Но три актера на возвышении переходят уже ко второй части триптиха, иными словами, к убийству; и на сей раз демонстрация акта покоится на вполне объективных основаниях, а именно на крови — при условии, разумеется, что применяются способы, вызывающие достаточно обильную внешнюю геморрагию. То же самое относится и к третьей части, где рассматривается естественный и традиционный цвет пламени, чья максимальная интенсивность достигается, если осуществить поджог при помощи бензина.

Зрители, сидящие параллельными рядами на кухонных стульях, благоговейно внимают диалогу, напоминая своей неподвижностью набитые соломой чучела. А поскольку я остаюсь в глубине залы у стены, ибо свободных мест нет, и вижу только спины, мне легко представить себе, что лица у них вообще отсутствуют, что это просто костюмы, набитые соломой и прикрытые сверху лысыми или кудрявыми париками. Впрочем и участники диалога исполняют свои роли в абсолютно отстраненной манере, говоря в пространство прямо перед собой и ни на ком не останавливая взора, как если бы напротив никого не было, как если бы зала была пуста.

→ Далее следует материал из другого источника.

lemma many_sets_with_s1_pool_neighbours:
  assumes P: "P \<subseteq> V1" "card P = pool_size \<alpha> (s 1)"
    and U: "U \<subseteq> V2" "real (card U) \<le> \<alpha> * real n / (8 * real (s 1))"
  shows "\<alpha> * real n ^ (r - 1) / 4
    \<le> real (card {g \<in> common_link U {}. s 1 \<le> card {v\<in>P. insert v g \<in> H}})"
    (is "_ \<le> real (card ?B)")
proof -
  define p where "p = real (pool_size \<alpha> (s 1))"
  define M where "M = \<alpha> * real n ^ (r - 1)"
  define K where "K = common_link U {}"
  have S: "2 \<le> real (s 1)" using s1_ge_2 by simp
  have "4 * real (s 1) / \<alpha> \<le> p" unfolding p_def using pool_size_bounds(1)[OF \<alpha>_pos] .
  then have p: "4 * real (s 1) \<le> p * \<alpha>" using \<alpha>_pos by (simp add: field_simps)
  then have "0 < p * \<alpha>" using S by linarith
  then have "0 < p" using \<alpha>_pos by (simp add: zero_less_mult_iff)
  have finP: "finite P" using P(1) finite_V1 finite_subset by blast
  have finK: "finite K" unfolding K_def by (rule finite_common_link)
  have "p * (M / 2) \<le> (\<Sum>v\<in>P. real (card {g\<in>K. insert v g \<in> H}))"
  proof -
    have "M / 2 \<le> real (card {g\<in>K. insert v g \<in> H})" if "v \<in> P" for v
    proof -
      have "{g\<in>K. insert v g \<in> H} = common_link U {v}" by (auto simp: K_def common_link_def)
      then show ?thesis using card_common_link_avoiding_ge_half[OF _ U] that P(1) by (auto simp: M_def)
    qed
    then show ?thesis
      using sum_bounded_below[of P "M / 2" "\<lambda>v. real (card {g\<in>K. insert v g \<in> H})"] P(2)
      by (simp add: p_def mult.commute)
  qed
  also have "\<dots> = (\<Sum>g\<in>K. real (card {v\<in>P. insert v g \<in> H}))"
    by (simp only: of_nat_sum[symmetric] sum_card_filter_swap[OF finP finK])
  also have "\<dots> \<le> real (card ?B) * p + real (card K) * (real (s 1) - 1)"
    unfolding K_def[symmetric]
  proof (rule sum_le_threshold_split[OF finK])
    fix g
    show "real (card {v\<in>P. insert v g \<in> H}) \<le> p"
      using card_mono[OF finP, of "{v\<in>P. insert v g \<in> H}"] P(2) by (simp add: p_def)
    show "\<not> s 1 \<le> card {v\<in>P. insert v g \<in> H} \<Longrightarrow> real (card {v\<in>P. insert v g \<in> H}) \<le> real (s 1) - 1"
      by linarith
  qed (use S in simp)
  also have "real (card K) * (real (s 1) - 1) \<le> p * (M / 4)"
  proof -
    have "real (card K) * (real (s 1) - 1) \<le> real n ^ (r - 1) * real (s 1)"
      using card_common_link_le[of U "{}"] S unfolding K_def
      by (intro mult_mono) (simp_all add: of_nat_le_iff[symmetric])
    also have "\<dots> \<le> real n ^ (r - 1) * (p * \<alpha> / 4)" using p by (intro mult_left_mono) auto
    finally show ?thesis by (simp add: M_def mult_ac)
  qed
  finally have "p * (M / 4) \<le> p * real (card ?B)" by (simp add: mult.commute)
  then show ?thesis using \<open>0 < p\<close> by (simp add: M_def)
qed
theorem lemma3p4:
  fixes d k :: nat and p :: "'a \<Rightarrow> nat \<Rightarrow> real"
    and V1 V2 V :: "'a set" and E1 E2 E :: "'a set set" and e :: "'a set"
  assumes "d \<ge> 1"
    and "two_sum V1 E1 V2 E2 e V E"
    and "generic d V p"
    and "\<not> rig_coloop d p E1 e"
    and "\<not> rig_coloop d p E2 e"
  shows "k_fold_circuit d p k E \<longleftrightarrow>
         (\<exists>k1 k2. k_fold_circuit d p k1 E1 \<and> k_fold_circuit d p k2 E2 \<and> k1 + k2 = k + 1)"
proof -
  have fin: "finite E1" "finite E2" and shared_edge: "E1 \<inter> E2 = {e}" and E: "E = (E1 \<union> E2) - {e}"
    using assms(2) simple_graph_finite_edges unfolding two_sum_def by auto
  note row_e = two_sum_row_spaces_meet_in_shared_edge[OF assms(1-3)]
  have "e \<in> E1" "e \<in> E2" using shared_edge by auto
  then have e_rows: "rig_row d p e \<in> row_space d p (E1 - {e})" "rig_row d p e \<in> row_space d p (E2 - {e})"
    using not_coloop_row_in_row_space fin assms(4,5) by auto
  show ?thesis
    unfolding E
  proof (rule k_fold_circuit_two_sum_iff[OF fin shared_edge])
    show "rig_cyclic d p ((E1 \<union> E2) - {e}) \<longleftrightarrow> rig_cyclic d p E1 \<and> rig_cyclic d p E2"
      by (rule rig_cyclic_two_sum[OF fin shared_edge row_e(2) e_rows])
    show "rig_rank d p ((E1 \<union> E2) - {e}) + 1 = rig_rank d p E1 + rig_rank d p E2"
      by (rule rig_rank_two_sum[OF fin shared_edge row_e e_rows(1)])
  qed
qed

end
(* Let $G$ be a network, $s,t$ nodes and $S\in[S_{min},1]$. Let $(\pi_1,\pi_2)$ be an optimal solution of the CT-Constrained Survivability Min-QoS problem with $W(\pi_2)\ge W(\pi_1)$. Let $(\tilde\pi_1,\tilde\pi_2)$ be an optimal solution of the Constrained Survivability Min-Max-QoS problem with $W(\tilde\pi_2)\ge W(\tilde\pi_1)$. Then $W(\pi_2)\le 2\,W(\tilde\pi_2)$.
   Context: Network: a directed graph $G=(V,E)$ with $M=|E|$. Each link has a failure probability $p_e\in(0,p_{max}]$ with $p_{max}<1$, and a positive weight $w_e$. Let $S_{min}=(1-p_{max})^M$. Paths are identified with link sets, and $W(\pi)=\sum_{e\in\pi}w_e$. A survivable connection is a pair $(\pi_1,\pi_2)$ of simple $s$–$t$ paths; the two paths may coincide. Its survivability level is $\prod_{e\in\pi_1\cap\pi_2}(1-p_e)$, equal to $1$ if empty. CT-CSMQ problem: minimize $W(\pi_1)+W(\pi_2)$ over survivable connections with survivability level $\ge S$. Constrained Survivability Min-Max-QoS (CSMMQ) problem: find a survivable connection $(\pi_1,\pi_2)$ minimizing $W(\pi_2)$ subject to $W(\pi_1)\le W(\pi_2)$ and survivability level $\ge S$. *)

theory Defs
  imports Complex_Main
begin

text \<open>A simple s-t path is given by a nonempty list of distinct vertices from s to t with
  consecutive pairs being links; the path is identified with its set of links.\<close>

definition simple_path :: "('v \<times> 'v) set \<Rightarrow> 'v \<Rightarrow> 'v \<Rightarrow> ('v \<times> 'v) set \<Rightarrow> bool" where
  "simple_path E s t \<pi> \<longleftrightarrow>
     (\<exists>vs. vs \<noteq> [] \<and> distinct vs \<and> hd vs = s \<and> last vs = t \<and>
           set (zip vs (tl vs)) \<subseteq> E \<and> \<pi> = set (zip vs (tl vs)))"

definition W :: "('v \<times> 'v \<Rightarrow> real) \<Rightarrow> ('v \<times> 'v) set \<Rightarrow> real" where
  "W w \<pi> = (\<Sum>e\<in>\<pi>. w e)"

definition surv_level :: "('v \<times> 'v \<Rightarrow> real) \<Rightarrow> ('v \<times> 'v) set \<Rightarrow> ('v \<times> 'v) set \<Rightarrow> real" where
  "surv_level p \<pi>1 \<pi>2 = (\<Prod>e\<in>\<pi>1 \<inter> \<pi>2. 1 - p e)"

definition survivable_conn ::
  "('v \<times> 'v) set \<Rightarrow> 'v \<Rightarrow> 'v \<Rightarrow> ('v \<times> 'v) set \<Rightarrow> ('v \<times> 'v) set \<Rightarrow> bool" where
  "survivable_conn E s t \<pi>1 \<pi>2 \<longleftrightarrow> simple_path E s t \<pi>1 \<and> simple_path E s t \<pi>2"

definition ct_csmq_opt ::
  "('v \<times> 'v) set \<Rightarrow> ('v \<times> 'v \<Rightarrow> real) \<Rightarrow> ('v \<times> 'v \<Rightarrow> real) \<Rightarrow> 'v \<Rightarrow> 'v \<Rightarrow> real
     \<Rightarrow> ('v \<times> 'v) set \<Rightarrow> ('v \<times> 'v) set \<Rightarrow> bool" where
  "ct_csmq_opt E p w s t S \<pi>1 \<pi>2 \<longleftrightarrow>
     survivable_conn E s t \<pi>1 \<pi>2 \<and> surv_level p \<pi>1 \<pi>2 \<ge> S \<and>
     (\<forall>\<sigma>1 \<sigma>2. survivable_conn E s t \<sigma>1 \<sigma>2 \<and> surv_level p \<sigma>1 \<sigma>2 \<ge> S \<longrightarrow>
        W w \<pi>1 + W w \<pi>2 \<le> W w \<sigma>1 + W w \<sigma>2)"

definition csmmq_opt ::
  "('v \<times> 'v) set \<Rightarrow> ('v \<times> 'v \<Rightarrow> real) \<Rightarrow> ('v \<times> 'v \<Rightarrow> real) \<Rightarrow> 'v \<Rightarrow> 'v \<Rightarrow> real
     \<Rightarrow> ('v \<times> 'v) set \<Rightarrow> ('v \<times> 'v) set \<Rightarrow> bool" where
  "csmmq_opt E p w s t S \<pi>1 \<pi>2 \<longleftrightarrow>
     survivable_conn E s t \<pi>1 \<pi>2 \<and> W w \<pi>1 \<le> W w \<pi>2 \<and> surv_level p \<pi>1 \<pi>2 \<ge> S \<and>
     (\<forall>\<sigma>1 \<sigma>2. survivable_conn E s t \<sigma>1 \<sigma>2 \<and> W w \<sigma>1 \<le> W w \<sigma>2 \<and>
        surv_level p \<sigma>1 \<sigma>2 \<ge> S \<longrightarrow> W w \<pi>2 \<le> W w \<sigma>2)"

end

theory Submission
  imports Defs
begin

text \<open>The Min-Max-QoS optimum is feasible for CT-CSMQ, so
  W(\<pi>2) \<le> W(\<pi>1) + W(\<pi>2) \<le> W(\<tau>1) + W(\<tau>2) \<le> 2 W(\<tau>2),
  using nonnegative weights for the first and W(\<tau>1) \<le> W(\<tau>2) for the last step.\<close>

lemma simple_path_subset:
  assumes "simple_path E s t \<pi>"
  shows "\<pi> \<subseteq> E"
  using assms unfolding simple_path_def by blast

lemma W_nonneg_if_links_nonneg:
  assumes "\<pi> \<subseteq> E" and "\<And>e. e \<in> E \<Longrightarrow> 0 \<le> w e"
  shows "0 \<le> W w \<pi>"
  unfolding W_def using assms by (intro sum_nonneg) blast

lemma ct_csmq_opt_le_csmmq_opt:
  assumes "ct_csmq_opt E p w s t S \<pi>1 \<pi>2" and "csmmq_opt E p w s t S \<tau>1 \<tau>2"
  shows "W w \<pi>1 + W w \<pi>2 \<le> W w \<tau>1 + W w \<tau>2"
  using assms unfolding ct_csmq_opt_def csmmq_opt_def by blast

theorem theorem9:
  fixes E :: "('v \<times> 'v) set" and p w :: "'v \<times> 'v \<Rightarrow> real"
    and pmax S :: real and s t :: 'v
    and \<pi>1 \<pi>2 \<tau>1 \<tau>2 :: "('v \<times> 'v) set"
  assumes "finite E"
    and "pmax < 1"
    and "\<And>e. e \<in> E \<Longrightarrow> 0 < p e \<and> p e \<le> pmax"
    and "\<And>e. e \<in> E \<Longrightarrow> 0 < w e"
    and "(1 - pmax) ^ card E \<le> S" and "S \<le> 1"
    and "ct_csmq_opt E p w s t S \<pi>1 \<pi>2" and "W w \<pi>2 \<ge> W w \<pi>1"
    and "csmmq_opt E p w s t S \<tau>1 \<tau>2" and "W w \<tau>2 \<ge> W w \<tau>1"
  shows "W w \<pi>2 \<le> 2 * W w \<tau>2"
proof -
  have "simple_path E s t \<pi>1"
    using assms(7) unfolding ct_csmq_opt_def survivable_conn_def by blast
  then have "0 \<le> W w \<pi>1"
    using assms(4) by (intro W_nonneg_if_links_nonneg[OF simple_path_subset]) (auto intro: less_imp_le)
  moreover have "W w \<pi>1 + W w \<pi>2 \<le> W w \<tau>1 + W w \<tau>2"
    using assms(7,9) by (rule ct_csmq_opt_le_csmmq_opt)
  ultimately show ?thesis
    using assms(10) by linarith
qed

end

И вот уже хором все трое одновременно произносят один и тот же текст прежним ровным нейтральным тоном, не выделяя интонацией ни единого слова или слога. Это изложение заключительной части: идеальным преступлением, включающим в себя все три изученных элемента, могла бы стать насильственная дефлорация юной девственницы, предпочтительнее всего — с молочно-белой кожей и очень светлыми волосами, с тем чтобы жертва затем была умерщвлена (наилучшие способы — вспороть ей живот или перерезать горло), а обнаженное окровавленное тело в качестве завершающего аккорда сожжено при помощи бензина, который мало-помалу воспламенил бы весь дом.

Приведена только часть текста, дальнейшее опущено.